● EXERCISE DIRECTIONS: From the records below, set down exactly the lines starting with the line that contains "Y1] ij by auto" and going on through the line that contains "(Y i \<otimes>". Nothing else is wanted.

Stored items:
----------

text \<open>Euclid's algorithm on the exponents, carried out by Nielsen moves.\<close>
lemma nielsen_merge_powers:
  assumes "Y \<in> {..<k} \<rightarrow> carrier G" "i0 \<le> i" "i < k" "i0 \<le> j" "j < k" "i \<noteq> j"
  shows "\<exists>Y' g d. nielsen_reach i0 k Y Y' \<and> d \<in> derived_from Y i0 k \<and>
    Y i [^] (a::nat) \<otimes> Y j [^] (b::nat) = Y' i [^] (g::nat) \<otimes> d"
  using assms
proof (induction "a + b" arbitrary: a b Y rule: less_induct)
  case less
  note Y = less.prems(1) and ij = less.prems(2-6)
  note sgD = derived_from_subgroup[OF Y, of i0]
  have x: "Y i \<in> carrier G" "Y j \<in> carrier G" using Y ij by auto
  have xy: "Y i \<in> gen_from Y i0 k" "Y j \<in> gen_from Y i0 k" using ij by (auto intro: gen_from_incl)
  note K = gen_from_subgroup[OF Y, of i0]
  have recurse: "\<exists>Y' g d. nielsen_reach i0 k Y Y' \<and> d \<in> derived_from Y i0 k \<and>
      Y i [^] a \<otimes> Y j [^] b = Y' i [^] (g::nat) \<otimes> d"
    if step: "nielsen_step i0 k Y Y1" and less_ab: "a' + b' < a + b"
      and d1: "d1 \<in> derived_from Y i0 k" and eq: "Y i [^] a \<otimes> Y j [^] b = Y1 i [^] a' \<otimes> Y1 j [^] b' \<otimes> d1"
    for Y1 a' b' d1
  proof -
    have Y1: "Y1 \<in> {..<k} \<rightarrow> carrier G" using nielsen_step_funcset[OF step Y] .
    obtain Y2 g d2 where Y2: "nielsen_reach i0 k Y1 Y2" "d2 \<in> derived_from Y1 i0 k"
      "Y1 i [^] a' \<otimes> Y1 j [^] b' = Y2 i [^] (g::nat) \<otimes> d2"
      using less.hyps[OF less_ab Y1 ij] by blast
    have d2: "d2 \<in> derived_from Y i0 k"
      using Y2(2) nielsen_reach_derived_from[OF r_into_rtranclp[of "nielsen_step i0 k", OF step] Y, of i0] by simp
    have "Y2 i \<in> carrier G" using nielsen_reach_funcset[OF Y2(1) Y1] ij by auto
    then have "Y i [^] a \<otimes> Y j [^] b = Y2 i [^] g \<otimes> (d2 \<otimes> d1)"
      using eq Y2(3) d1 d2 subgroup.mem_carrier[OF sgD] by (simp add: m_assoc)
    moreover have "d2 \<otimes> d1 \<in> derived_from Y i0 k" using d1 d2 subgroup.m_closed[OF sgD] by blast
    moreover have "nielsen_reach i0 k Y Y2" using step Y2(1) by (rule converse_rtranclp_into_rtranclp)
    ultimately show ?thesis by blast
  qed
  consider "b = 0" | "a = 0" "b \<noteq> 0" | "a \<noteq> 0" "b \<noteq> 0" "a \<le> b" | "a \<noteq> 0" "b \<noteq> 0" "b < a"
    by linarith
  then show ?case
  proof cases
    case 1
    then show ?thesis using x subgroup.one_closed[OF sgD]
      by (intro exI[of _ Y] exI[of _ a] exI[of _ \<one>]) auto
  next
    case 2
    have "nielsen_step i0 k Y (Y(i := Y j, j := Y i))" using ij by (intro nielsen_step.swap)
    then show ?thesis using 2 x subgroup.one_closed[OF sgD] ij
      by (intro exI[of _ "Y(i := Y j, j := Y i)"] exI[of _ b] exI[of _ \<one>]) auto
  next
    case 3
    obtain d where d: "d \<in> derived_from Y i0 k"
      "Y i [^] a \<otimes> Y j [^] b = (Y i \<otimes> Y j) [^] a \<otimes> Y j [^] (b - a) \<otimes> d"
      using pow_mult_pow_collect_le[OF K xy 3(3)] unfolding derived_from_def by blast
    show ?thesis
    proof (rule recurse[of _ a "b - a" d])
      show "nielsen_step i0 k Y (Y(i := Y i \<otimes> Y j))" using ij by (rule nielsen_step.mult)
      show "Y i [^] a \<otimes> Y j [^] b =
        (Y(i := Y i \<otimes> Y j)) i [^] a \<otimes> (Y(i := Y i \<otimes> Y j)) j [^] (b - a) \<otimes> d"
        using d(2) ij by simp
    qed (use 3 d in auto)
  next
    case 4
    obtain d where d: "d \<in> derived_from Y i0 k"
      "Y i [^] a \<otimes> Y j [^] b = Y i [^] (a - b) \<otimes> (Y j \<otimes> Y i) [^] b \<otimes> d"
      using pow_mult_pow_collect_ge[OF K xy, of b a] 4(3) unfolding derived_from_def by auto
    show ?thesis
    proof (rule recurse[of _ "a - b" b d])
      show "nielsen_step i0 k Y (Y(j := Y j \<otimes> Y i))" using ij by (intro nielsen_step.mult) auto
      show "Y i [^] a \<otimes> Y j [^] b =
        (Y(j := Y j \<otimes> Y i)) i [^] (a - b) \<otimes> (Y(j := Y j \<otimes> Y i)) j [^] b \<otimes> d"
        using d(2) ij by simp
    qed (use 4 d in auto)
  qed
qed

----------

● ANSWER SECTION:
    have "Y2 i \<in> carrier G" using nielsen_reach_funcset[OF Y2(1) Y1] ij by auto
    then have "Y i [^] a \<otimes> Y j [^] b = Y2 i [^] g \<otimes> (d2 \<otimes> d1)"
      using eq Y2(3) d1 d2 subgroup.mem_carrier[OF sgD] by (simp add: m_assoc)
    moreover have "d2 \<otimes> d1 \<in> derived_from Y i0 k" using d1 d2 subgroup.m_closed[OF sgD] by blast
    moreover have "nielsen_reach i0 k Y Y2" using step Y2(1) by (rule converse_rtranclp_into_rtranclp)
    ultimately show ?thesis by blast
  qed
  consider "b = 0" | "a = 0" "b \<noteq> 0" | "a \<noteq> 0" "b \<noteq> 0" "a \<le> b" | "a \<noteq> 0" "b \<noteq> 0" "b < a"
    by linarith
  then show ?case
  proof cases
    case 1
    then show ?thesis using x subgroup.one_closed[OF sgD]
      by (intro exI[of _ Y] exI[of _ a] exI[of _ \<one>]) auto
  next
    case 2
    have "nielsen_step i0 k Y (Y(i := Y j, j := Y i))" using ij by (intro nielsen_step.swap)
    then show ?thesis using 2 x subgroup.one_closed[OF sgD] ij
      by (intro exI[of _ "Y(i := Y j, j := Y i)"] exI[of _ b] exI[of _ \<one>]) auto
  next
    case 3
    obtain d where d: "d \<in> derived_from Y i0 k"
      "Y i [^] a \<otimes> Y j [^] b = (Y i \<otimes> Y j) [^] a \<otimes> Y j [^] (b - a) \<otimes> d"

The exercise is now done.